• EXERCISE AIM
The full set of records must be printed exactly as given.

=== Begin Enclosure ===

(*
  At level n, discretize s \<in> S\<down> by the partition of n whose parts are the positive
  \<lfloor>n s\<^sub>i\<rfloor>, completed by parts equal to 1; for s of total mass 1 its rescaling by 1/n
  converges to s in l1.  Take for q\<^sub>n the image of n powr -\<gamma> \<cdot> \<nu>, restricted to
  {1 - s\<^sub>1 \<ge> \<epsilon>\<^sub>n}, under this discretization, plus the weight 1/(2 n \<cdot> n powr \<gamma>) on the
  partition into singletons; the remaining mass sits on (n), which the test functions
  (1 - s\<^sub>1) f do not see.  The threshold \<epsilon>\<^sub>n = 1/n + 2 (C + 1) n powr -\<gamma>, with
  C = \<integral> (1 - s\<^sub>1) d\<nu>, tends to 0; by Markov's inequality it keeps the mass of the first
  part below 1/2, and its term 1/n ensures that 1 - s\<^sub>1 at most doubles under
  discretization, which gives the dominating function for dominated convergence.
*)

lemma measurable_map_upt:
  fixes g :: "nat \<Rightarrow> 'a \<Rightarrow> 'b::countable"
  assumes g: "\<And>i. g i \<in> measurable M (count_space UNIV)"
  shows "(\<lambda>x. map (\<lambda>i. g i x) [0..<k]) \<in> measurable M (count_space UNIV)"
proof (induction k)
  case (Suc k)
  have "(\<lambda>x. (\<lambda>xs x. xs @ [g k x]) (map (\<lambda>i. g i x) [0..<k]) x)
      \<in> measurable M (count_space UNIV)"
  proof (rule measurable_compose_countable[OF _ Suc.IH])
    fix xs :: "'b list"
    show "(\<lambda>x. xs @ [g k x]) \<in> measurable M (count_space UNIV)"
      using measurable_comp[OF g measurable_count_space[of "\<lambda>y. xs @ [y]" UNIV]]
      by (simp add: comp_def)
  qed
  then show ?case by simp
qed simp
(* Let $r\in\mathbb{N}$ and suppose $S_N$ admits the Edgeworth expansion of order $r$, i.e. there are polynomials $P_1,\dots,P_r$ with $\mathbb{P}\big(\frac{S_N-NA}{\sqrt N}\leq z\big)-\mathfrak{N}(z)=\sum_{p=1}^rN^{-p/2}P_p(z)\mathfrak{n}(z)+o(N^{-r/2})$ uniformly in $z\in\mathbb{R}$. Then for every $c\in(0,r)$ and every sequence $(x_N)$ with $1\leq x_N\leq\sqrt{c\sigma^2\ln N}$, $$\lim_{N\to\infty}\frac{1-\mathbb{P}\Big(\frac{S_N-AN}{\sqrt{N}}\leq x_N\Big)}{1-\mathfrak{N}(x_N)}=1.$$
   Context: $X_1,X_2,\dots$ are real random variables, $S_N=\sum_{n=1}^N X_n$, $A\in\mathbb{R}$, $\sigma^2>0$, $\mathfrak{n}(y)=\frac{1}{\sqrt{2\pi\sigma^2}}e^{-y^2/(2\sigma^2)}$, $\mathfrak{N}(z)=\int_{-\infty}^z\mathfrak{n}(y)\,dy$. *)

theory Defs
  imports "HOL-Probability.Probability" "HOL-Computational_Algebra.Polynomial"
begin

definition gauss_dens :: "real \<Rightarrow> real \<Rightarrow> real" where
  "gauss_dens sig2 y = 1 / sqrt (2 * pi * sig2) * exp (- y\<^sup>2 / (2 * sig2))"

definition gauss_cdf :: "real \<Rightarrow> real \<Rightarrow> real" where
  "gauss_cdf sig2 z = (LINT y:{..z}|lborel. gauss_dens sig2 y)"

definition partial_sum :: "(nat \<Rightarrow> 'a \<Rightarrow> real) \<Rightarrow> nat \<Rightarrow> 'a \<Rightarrow> real" where
  "partial_sum X N \<omega> = (\<Sum>n=1..N. X n \<omega>)"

=== End Enclosure ===

• ANSWER TO THE EXERCISE
(*
  At level n, discretize s \<in> S\<down> by the partition of n whose parts are the positive
  \<lfloor>n s\<^sub>i\<rfloor>, completed by parts equal to 1; for s of total mass 1 its rescaling by 1/n
  converges to s in l1.  Take for q\<^sub>n the image of n powr -\<gamma> \<cdot> \<nu>, restricted to
  {1 - s\<^sub>1 \<ge> \<epsilon>\<^sub>n}, under this discretization, plus the weight 1/(2 n \<cdot> n powr \<gamma>) on the
  partition into singletons; the remaining mass sits on (n), which the test functions
  (1 - s\<^sub>1) f do not see.  The threshold \<epsilon>\<^sub>n = 1/n + 2 (C + 1) n powr -\<gamma>, with
  C = \<integral> (1 - s\<^sub>1) d\<nu>, tends to 0; by Markov's inequality it keeps the mass of the first
  part below 1/2, and its term 1/n ensures that 1 - s\<^sub>1 at most doubles under
  discretization, which gives the dominating function for dominated convergence.
*)

lemma measurable_map_upt:
  fixes g :: "nat \<Rightarrow> 'a \<Rightarrow> 'b::countable"
  assumes g: "\<And>i. g i \<in> measurable M (count_space UNIV)"
  shows "(\<lambda>x. map (\<lambda>i. g i x) [0..<k]) \<in> measurable M (count_space UNIV)"
proof (induction k)
  case (Suc k)
  have "(\<lambda>x. (\<lambda>xs x. xs @ [g k x]) (map (\<lambda>i. g i x) [0..<k]) x)
      \<in> measurable M (count_space UNIV)"
  proof (rule measurable_compose_countable[OF _ Suc.IH])
    fix xs :: "'b list"
    show "(\<lambda>x. xs @ [g k x]) \<in> measurable M (count_space UNIV)"
      using measurable_comp[OF g measurable_count_space[of "\<lambda>y. xs @ [y]" UNIV]]
      by (simp add: comp_def)
  qed
  then show ?case by simp
qed simp
(* Let $r\in\mathbb{N}$ and suppose $S_N$ admits the Edgeworth expansion of order $r$, i.e. there are polynomials $P_1,\dots,P_r$ with $\mathbb{P}\big(\frac{S_N-NA}{\sqrt N}\leq z\big)-\mathfrak{N}(z)=\sum_{p=1}^rN^{-p/2}P_p(z)\mathfrak{n}(z)+o(N^{-r/2})$ uniformly in $z\in\mathbb{R}$. Then for every $c\in(0,r)$ and every sequence $(x_N)$ with $1\leq x_N\leq\sqrt{c\sigma^2\ln N}$, $$\lim_{N\to\infty}\frac{1-\mathbb{P}\Big(\frac{S_N-AN}{\sqrt{N}}\leq x_N\Big)}{1-\mathfrak{N}(x_N)}=1.$$
   Context: $X_1,X_2,\dots$ are real random variables, $S_N=\sum_{n=1}^N X_n$, $A\in\mathbb{R}$, $\sigma^2>0$, $\mathfrak{n}(y)=\frac{1}{\sqrt{2\pi\sigma^2}}e^{-y^2/(2\sigma^2)}$, $\mathfrak{N}(z)=\int_{-\infty}^z\mathfrak{n}(y)\,dy$. *)

theory Defs
  imports "HOL-Probability.Probability" "HOL-Computational_Algebra.Polynomial"
begin

definition gauss_dens :: "real \<Rightarrow> real \<Rightarrow> real" where
  "gauss_dens sig2 y = 1 / sqrt (2 * pi * sig2) * exp (- y\<^sup>2 / (2 * sig2))"

definition gauss_cdf :: "real \<Rightarrow> real \<Rightarrow> real" where
  "gauss_cdf sig2 z = (LINT y:{..z}|lborel. gauss_dens sig2 y)"

definition partial_sum :: "(nat \<Rightarrow> 'a \<Rightarrow> real) \<Rightarrow> nat \<Rightarrow> 'a \<Rightarrow> real" where
  "partial_sum X N \<omega> = (\<Sum>n=1..N. X n \<omega>)"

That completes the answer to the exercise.